Of course, if the tornado is going to take the trailer, it doesn't really matter where you are. The porch is just a convenient spot (also, if the tin roof starts rolling up, it's a signal to run). DAMHIK.
--Tennessee Budd
In both Leavenworth and Fort Riley we had serious basemements. Fort Sill, nadda. My sister and I told me dad we'd climb in the dishwasher to be safe. Huntsville was the only place that I actually saw the funnel clouds drop out of the clouds and rain. My dad and I were sailing my laser on the inland waterway at Fort Myer Florida when 3 waterspouts came ashore. We had that boat planing all the way back to the centerboard. It was awesome!
Here in metroparkcentralis Shaker Heights version it appears that the founders really had a hate on for porches. There's only 2 in the whole neighborhood. It's funny. I saw an elderly gentlemen sitting on his porch about 5 houses down from mine and so I went up and chatted with him. Retired Army, Vetenarian, son of army vetenarian. We spent about 4 hours one evening just chatting on his porch. His wife finally came out to chase me off. He was a good guy. She turned out to be nice too.
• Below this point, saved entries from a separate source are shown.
definition conditionD :: "'a measure \<Rightarrow> (int ^ 'd::finite \<Rightarrow> real)
    \<Rightarrow> (int ^ 'd \<Rightarrow> 'a \<Rightarrow> real) \<Rightarrow> bool" where
  "conditionD M a \<epsilon> \<longleftrightarrow>
    (\<exists>(p :: real \<Rightarrow> real) (pm :: nat \<Rightarrow> real \<Rightarrow> real) (c0 :: real).
       (\<forall>x. 0 \<le> p x) \<and>
       distributed M lborel (Xlin a \<epsilon> 0) (\<lambda>x. ennreal (p x)) \<and>
       lipschitz_on c0 UNIV p \<and>
       (\<forall>m\<ge>1. (\<forall>x. 0 \<le> pm m x) \<and>
          distributed M lborel (Xtr a \<epsilon> 0 m) (\<lambda>x. ennreal (pm m x)) \<and>
          lipschitz_on c0 UNIV (pm m)) \<and>
       bdd_above (range p) \<and>
       bdd_above {pm m x | m x. m \<ge> 1}) \<and>
    (\<exists>(q :: int ^ 'd \<Rightarrow> real \<times> real \<Rightarrow> real) (qm :: nat \<Rightarrow> int ^ 'd \<Rightarrow> real \<times> real \<Rightarrow> real).
       (\<forall>i. i \<noteq> 0 \<longrightarrow> (\<forall>xy. 0 \<le> q i xy) \<and>
          distributed M (lborel \<Otimes>\<^sub>M lborel) (\<lambda>\<omega>. (Xlin a \<epsilon> 0 \<omega>, Xlin a \<epsilon> i \<omega>))
            (\<lambda>xy. ennreal (q i xy))) \<and>
       (\<forall>m\<ge>1. \<forall>i. i \<noteq> 0 \<longrightarrow> (\<forall>xy. 0 \<le> qm m i xy) \<and>
          distributed M (lborel \<Otimes>\<^sub>M lborel) (\<lambda>\<omega>. (Xtr a \<epsilon> 0 m \<omega>, Xtr a \<epsilon> i m \<omega>))
            (\<lambda>xy. ennreal (qm m i xy))) \<and>
       bdd_above {q i xy | i xy. i \<noteq> 0} \<and>
       bdd_above {qm m i xy | m i xy. m \<ge> 1 \<and> i \<noteq> 0})"

end

theory Submission
  imports Defs
begin

text \<open>Write \<open>X\<^sub>0 = a\<^sub>0 \<epsilon>\<^sub>0 + W\<close>, where \<open>W\<close> is a measurable function of the innovations
  other than \<open>\<epsilon>\<^sub>0\<close> and hence independent of \<open>\<epsilon>\<^sub>0\<close>. The law of \<open>X\<^sub>0\<close> is then the law of
  \<open>a\<^sub>0 \<epsilon>\<^sub>0\<close> convolved with that of \<open>W\<close>, and its density \<open>x \<mapsto> E p\<^sub>\<epsilon>((x - W)/a\<^sub>0)/|a\<^sub>0|\<close>
  inherits the Lipschitz constant \<open>L/a\<^sub>0\<^sup>2\<close> and the bound \<open>sup p\<^sub>\<epsilon>/|a\<^sub>0|\<close>; a Lipschitz
  probability density is automatically bounded. For a pair \<open>(X\<^sub>0, X\<^sub>i)\<close> with \<open>i \<noteq> 0\<close>, at most one
  of \<open>a\<^sub>i, a\<^sub>-\<^sub>i\<close> can be nonzero because \<open>a\<close> lives on the positive orthant, so up to order the pair
  is \<open>(a\<^sub>0 \<epsilon>\<^sub>j\<^sub>1 + c \<epsilon>\<^sub>j\<^sub>2 + U, a\<^sub>0 \<epsilon>\<^sub>j\<^sub>2 + V)\<close> with \<open>(U, V)\<close> independent of \<open>(\<epsilon>\<^sub>j\<^sub>1, \<epsilon>\<^sub>j\<^sub>2)\<close>;
  integrating out \<open>\<epsilon>\<^sub>j\<^sub>1\<close> and then \<open>\<epsilon>\<^sub>j\<^sub>2\<close> gives a joint density bounded by \<open>(sup p\<^sub>\<epsilon>/|a\<^sub>0|)\<^sup>2\<close>.
  All these bounds are uniform in the truncation level \<open>m\<close>. The infinite field is the almost
  sure limit of the truncations by Kolmogorov's maximal inequality, which lets the same
  decomposition pass to the limit.\<close>

section \<open>Independent blocks of random variables\<close>

context prob_space begin

lemma indep_var_restrict_compose:
  assumes ind: "indep_vars (\<lambda>_. borel) X I" and AB: "A \<inter> B = {}" "A \<subseteq> I" "B \<subseteq> I"
    and f: "f \<in> measurable (PiM A (\<lambda>_. borel)) N1" and g: "g \<in> measurable (PiM B (\<lambda>_. borel)) N2"
  shows "indep_var N1 (\<lambda>\<omega>. f (\<lambda>i\<in>A. X i \<omega>)) N2 (\<lambda>\<omega>. g (\<lambda>i\<in>B. X i \<omega>))"
  using indep_var_compose[OF indep_var_restrict[OF ind AB] f g] by (simp add: comp_def)

lemma indep_var_cong:
  assumes iv: "indep_var N1 X1 N2 X2" and e1: "\<And>x. x\<in>space M \<Longrightarrow> X1 x = Y1 x"
    and e2: "\<And>x. x\<in>space M \<Longrightarrow> X2 x = Y2 x"
  shows "indep_var N1 Y1 N2 Y2"
proof -
  have p1: "X1 -` A \<inter> space M = Y1 -` A \<inter> space M" for A using e1 by auto
  have p2: "X2 -` A \<inter> space M = Y2 -` A \<inter> space M" for A using e2 by auto
  have m1: "random_variable N1 Y1" using indep_var_rv1[OF iv] e1 measurable_cong by metis
  have m2: "random_variable N2 Y2" using indep_var_rv2[OF iv] e2 measurable_cong by metis
  have eq: "(\<lambda>i. {case_bool X1 X2 i -` A \<inter> space M |A. A \<in> sets (case_bool N1 N2 i)}) =
     (\<lambda>i. {case_bool Y1 Y2 i -` A \<inter> space M |A. A \<in> sets (case_bool N1 N2 i)})"
    by (rule ext) (auto split: bool.split simp: p1 p2)
  show ?thesis using iv m1 m2 unfolding indep_var_def indep_vars_def2 eq
    by (auto split: bool.split)
qed

lemma indep_vars_restrict_compose:
  fixes Z :: "'j \<Rightarrow> 'a \<Rightarrow> real"
  assumes ind: "indep_vars (\<lambda>_. borel) X UNIV" and K: "disjoint_family K"
    and g: "\<And>n. g n \<in> borel_measurable (PiM (K n) (\<lambda>_. borel))"
    and Z: "\<And>n \<omega>. Z n \<omega> = g n (\<lambda>j\<in>K n. X j \<omega>)"
  shows "indep_vars (\<lambda>_. borel) Z UNIV"
proof -
  have "indep_vars (\<lambda>n. PiM (K n) (\<lambda>_. borel)) (\<lambda>n \<omega>. \<lambda>j\<in>K n. X j \<omega>) UNIV"
    by (rule indep_vars_restrict[OF ind]) (use K in \<open>auto simp: disjoint_family_on_def\<close>)
  then have "indep_vars (\<lambda>_. borel) (\<lambda>n \<omega>. g n (\<lambda>j\<in>K n. X j \<omega>)) UNIV"
    by (rule indep_vars_compose2) (use g in auto)
  moreover have "Z = (\<lambda>n \<omega>. g n (\<lambda>j\<in>K n. X j \<omega>))" by (intro ext) (rule Z)
  ultimately show ?thesis by simp
qed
My sister woke us up a few months ago to report that most of a tree had fallen off one of ours and was now laying in our yard and on the neighbors roof. She thought we ought to know. I felt bad sort of when I woke the neighbors to tell them our tree fell on their house.
I'm always amazed when people I see walking hear a real calamity noise and just freeze. They don't even look up to see what's falling on them.